Figure 2 outlines the procedure for the strut-based normalization process, where the objective is to obtain uniform boundary-voltage-to-conductivity-perturbation sensitivity in each strut (i.e., regardless of their location in a cellular lattice structure). To calculate the normalized sensitivity, the reconstruction results from classical ERT for each damaged state (where a damaged strut k is assigned with 0 S/m) are obtained first in steps (1) to (3). A total of s damaged states are solved considering the total of s number of struts in the structure. Among all states, the largest reconstructed change within the damaged strut (Δσ_max) could be acquired in step (4) when damage is assigned on the boundary strut. During the calculation of the strut-wise normalization matrix (N) in step (5), diagonal components of the matrix N are normalized to compensate for relatively low responses in the central struts, and the non-diagonal components are used for suppressing artifacts to 0.1σ_k, which would not affect the defect evaluation. With this normalization, the adjusted sensitivity map could be obtained as JN in step (6), and the change in voltage measurements corresponding to a single perturbation would be:

δ V = (J N) (N^{- 1}) δ σ

(10)

The results, which show the benefits of using the normalized sensitivity map to improve interior sensitivity and mitigate image artifacts, will be discussed in Section 3 and Section 4.

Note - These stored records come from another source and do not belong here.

(* F_I is strictly increasing in each argument on the closed quadrant, because cosh and sinh
   are nonnegative and increasing there. *)
lemma edge_cosh_strict_mono:
  assumes "0 \<le> a" "0 \<le> b" "a \<le> a'" "b \<le> b'" "a < a' \<or> b < b'" "0 \<le> I"
  shows "edge_cosh I a b < edge_cosh I a' b'"
proof -
  have le: "cosh a \<le> cosh a'" "cosh b \<le> cosh b'"
    using assms by (simp_all add: cosh_real_nonneg_le_iff)
  have "cosh a * cosh b < cosh a' * cosh b'"
    using assms(5)
  proof
    assume "a < a'"
    then have "cosh a < cosh a'" using assms by (simp add: cosh_real_nonneg_less_iff)
    then have "cosh a * cosh b < cosh a' * cosh b" by simp
    also have "\<dots> \<le> cosh a' * cosh b'" using le by simp
    finally show ?thesis .
  next
    assume "b < b'"
    then have "cosh b < cosh b'" using assms by (simp add: cosh_real_nonneg_less_iff)
    then have "cosh a * cosh b < cosh a * cosh b'" by simp
    also have "\<dots> \<le> cosh a' * cosh b'" using le by simp
    finally show ?thesis .
  qed
  moreover have "sinh a * sinh b \<le> sinh a' * sinh b'"
    using assms by (intro mult_mono) auto
  then have "I * (sinh a * sinh b) \<le> I * (sinh a' * sinh b')"
    using assms by (intro mult_left_mono) auto
  ultimately show ?thesis unfolding edge_cosh_def by (simp add: mult.assoc)
qed

lemma edge_cosh_level_sign:
  assumes "0 \<le> a" "0 \<le> b" "0 \<le> a'" "0 \<le> b'" "0 \<le> I"
    and "edge_cosh I a b = edge_cosh I a' b'"
  shows "sgn (b' - b) = - sgn (a' - a)"
proof (rule ccontr)
  assume "sgn (b' - b) \<noteq> - sgn (a' - a)"
  then have "(a \<le> a' \<and> b \<le> b' \<and> (a < a' \<or> b < b')) \<or> (a' \<le> a \<and> b' \<le> b \<and> (a' < a \<or> b' < b))"
    by (auto simp: sgn_if split: if_splits)
  then show False
    using edge_cosh_strict_mono[of a b a' b' I] edge_cosh_strict_mono[of a' b' a b I] assms
    by auto
qed

(* The same statement for edge lengths l = arcosh F_I, which determine F_I for positive radii. *)
lemma edge_length_level_sign:
  assumes "0 < a" "0 < b" "0 < a'" "0 < b'" "0 \<le> I"
    and "arcosh (edge_cosh I a b) = arcosh (edge_cosh I a' b')"
  shows "sgn (b' - b) = - sgn (a' - a)"
proof (rule edge_cosh_level_sign)
  show "edge_cosh I a b = edge_cosh I a' b'"
    using arcosh_inj_real edge_cosh_gt_1 assms by (meson less_imp_le)
qed (use assms in simp_all)

(* The edge length arcosh F_I(x_i, x_j) as an expression, with its directional derivative
   (P v_i + Q v_j) / sinh l, where P, Q are the partial derivatives of F_I. *)
definition edge_expr :: "real \<Rightarrow> 'n \<Rightarrow> 'n \<Rightarrow> 'n expr" where
  "edge_expr I i j =
     Arcosh (Plus (Times (Cosh (Var i)) (Cosh (Var j))) (Times (Times (Const I) (Sinh (Var i))) (Sinh (Var j))))"

lemma eval_edge_expr: "eval (edge_expr I i j) x = arcosh (edge_cosh I (x $ i) (x $ j))"
  by (simp add: edge_expr_def edge_cosh_def)

lemma regular_edge_expr:
  "0 < x $ i \<Longrightarrow> 0 < x $ j \<Longrightarrow> 0 \<le> I \<Longrightarrow> regular (edge_expr I i j) x"
  using edge_cosh_gt_1 by (simp add: edge_expr_def edge_cosh_def)

lemma eval_sderiv_edge_expr:
  "eval (sderiv v (edge_expr I i j)) x =
     (edge_cosh_d1 I (x $ i) (x $ j) * v $ i + edge_cosh_d1 I (x $ j) (x $ i) * v $ j)
     / sqrt (edge_cosh I (x $ i) (x $ j) * edge_cosh I (x $ i) (x $ j) - 1)"
  by (simp add: edge_expr_def edge_cosh_def edge_cosh_d1_def algebra_simps divide_inverse)
definition in_Dk :: "nat list \<Rightarrow> int list \<Rightarrow> bool" where
  "in_Dk ks D \<longleftrightarrow>
     length D = bigN ks \<and>
     filter (\<lambda>a. a > 0) D = map int ks \<and>
     (\<forall>a\<in>set D. a > 0 \<or> a = -1) \<and>
     (\<forall>i<length D. sum_list (take i D) \<ge> 0)"

text \<open>Filling algorithm. A tableau is a list of columns, each column the list of
  its entries (indices) from top (row 1) downwards.\<close>

definition active :: "nat list \<Rightarrow> nat list list \<Rightarrow> nat \<Rightarrow> bool" where
  "active ks cols j \<longleftrightarrow> j < length ks \<and> cols ! j \<noteq> [] \<and> length (cols ! j) \<noteq> ks ! j + 1"

definition fill_step :: "nat list \<Rightarrow> nat list list \<Rightarrow> nat \<times> int \<Rightarrow> nat list list" where
  "fill_step ks cols ia = (case ia of (i, a) \<Rightarrow>
     if a = -1 then
       (let m = Min {last (cols ! j) | j. active ks cols j};
            c = (LEAST j. active ks cols j \<and> last (cols ! j) = m)
        in cols[c := cols ! c @ [i]])
     else
       (let c = (LEAST j. j < length ks \<and> cols ! j = [])
        in cols[c := [i]]))"

definition fillT :: "nat list \<Rightarrow> int list \<Rightarrow> nat list list" where
  "fillT ks D = foldl (fill_step ks) ([1] # replicate (length ks - 1) [])
                      (zip [2..<bigN ks + 1] (tl D))"

definition boxes :: "nat list list \<Rightarrow> nat set" where
  "boxes T = (\<Union>c\<in>set T. set c)"

definition col_of :: "nat list list \<Rightarrow> nat \<Rightarrow> nat" where
  "col_of T x = (THE j. j < length T \<and> x \<in> set (T ! j))"

definition row_of :: "nat list list \<Rightarrow> nat \<Rightarrow> nat" where
  "row_of T x = (THE r. r < length (T ! col_of T x) \<and> T ! col_of T x ! r = x) + 1"

text \<open>Ranking algorithm: base_list T j lists the ranks of the top boxes of columns 0..j-1.\<close>
fun base_list :: "nat list list \<Rightarrow> nat \<Rightarrow> nat list" where
  "base_list T 0 = []"
| "base_list T (Suc j) =
     (let bs = base_list T j in
      bs @ [if j = 0 then 0
            else (let A = hd (T ! j) - 1; c = col_of T A in bs ! c + (row_of T A - 1))])"

definition rank :: "nat list list \<Rightarrow> nat \<Rightarrow> nat" where
  "rank T x = base_list T (length T) ! col_of T x + (row_of T x - 1)"

definition target_rank :: "nat list \<Rightarrow> nat list list \<Rightarrow> nat \<Rightarrow> nat" where
  "target_rank ks T x =
     (let c = col_of T x; r = row_of T x in
      if r = 1 then rank T (T ! c ! (ks ! c))
      else rank T (T ! c ! (r - 2)))"

fun walk :: "nat list \<Rightarrow> nat list list \<Rightarrow> nat \<Rightarrow> nat \<Rightarrow> nat set \<Rightarrow> nat list" where
  "walk ks T 0 cur M = []"
| "walk ks T (Suc f) cur M =
     (let C = {x \<in> boxes T. x \<notin> M \<and> rank T x = target_rank ks T cur} in
      if C = {} then [] else Max C # walk ks T f (Max C) (insert (Max C) M))"

definition sigma :: "nat list \<Rightarrow> int list \<Rightarrow> nat list" where
  "sigma ks D =
     (let T = fillT ks D; s = Max {x \<in> boxes T. rank T x = 0} in
      s # walk ks T (bigN ks) s {s})"

end

theory Submission
  imports Defs "HOL-Library.Sublist"
begin

text \<open>
  Read a box x as an edge from vertex rank x to vertex target_rank x. A column carrying the
  ranks b, ..., b + k is sent by target_rank onto the same ranks shifted cyclically, so every
  vertex has as many incoming as outgoing edges, and the Walking Algorithm follows a trail of
  unused edges starting at vertex 0. As in Euler's argument, such a trail can only get stuck at
  vertex 0, once every edge leaving 0 has been used. Boxes of equal rank are taken in decreasing
  order of index, so the last edge used out of a vertex rho > 0 is its box of smallest index,
  and that box points to rho - 1 (if it is the top of a column, the box with the preceding index
  has the same rank). Now if a box were never visited, take one of minimal rank rho > 0: every
  edge leaving rho - 1 has been used, hence by balance every edge entering it, including the
  smallest box of rank rho, which is the last of its rank to be visited; a contradiction.

  The Filling Algorithm always finds an active column and ends with every column full because
  the free cells of the opened columns always number exactly the current height of the path.
\<close>

lemma boxes_conv_nth: "boxes cols = (\<Union>j<length cols. set (cols ! j))"
proof -
  have "set cols = (\<lambda>j. cols ! j) ` {..<length cols}"
    by (auto simp: in_set_conv_nth image_iff)
  then show ?thesis unfolding boxes_def by simp
qed

lemma boxes_list_update:
  assumes "c < length cols" "set (cols ! c) \<subseteq> set v"
  shows "boxes (cols[c := v]) = boxes cols \<union> set v"
proof -
  have "set (cols[c := v] ! j) = (if j = c then set v else set (cols ! j))" if "j < length cols" for j
    using that by (simp add: nth_list_update)
  then show ?thesis
    using assms unfolding boxes_conv_nth by (auto split: if_splits)
qed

2.4. Representative Strut Conductivity and Defect Quantification

Damage severity within each strut can be reflected by a single index, which is referred to in this study as strut representative conductivity, σ_s. Here, σ_s is the equivalent conductivity of a damaged strut, which is calculated using the electric potential drop between the two ends of the strut, V_ab, while assuming its dimensions remain the same. V_ab is affected by the size, shape, and amount of damage developed in the strut. With known damage features shown in Figure 3, σ_s could be calculated as:

V_{a b} = \int_{0}^{L} \frac{I}{A_{r} σ_{0}} d l

(11)

σ_{s} = \frac{I L}{V_{a b} A_{0}} = \frac{L}{A_{0} \int_{0}^{L} \frac{1}{A_{r} σ_{0}} d l}

(12)

where σ₀ is the material conductivity in its undamaged state, L is the length of the strut, and A_r is the residual area (i.e., the cross-sectional area where the defected region A_d is subtracted from the undamaged cross-section A₀) for a differential length, dl.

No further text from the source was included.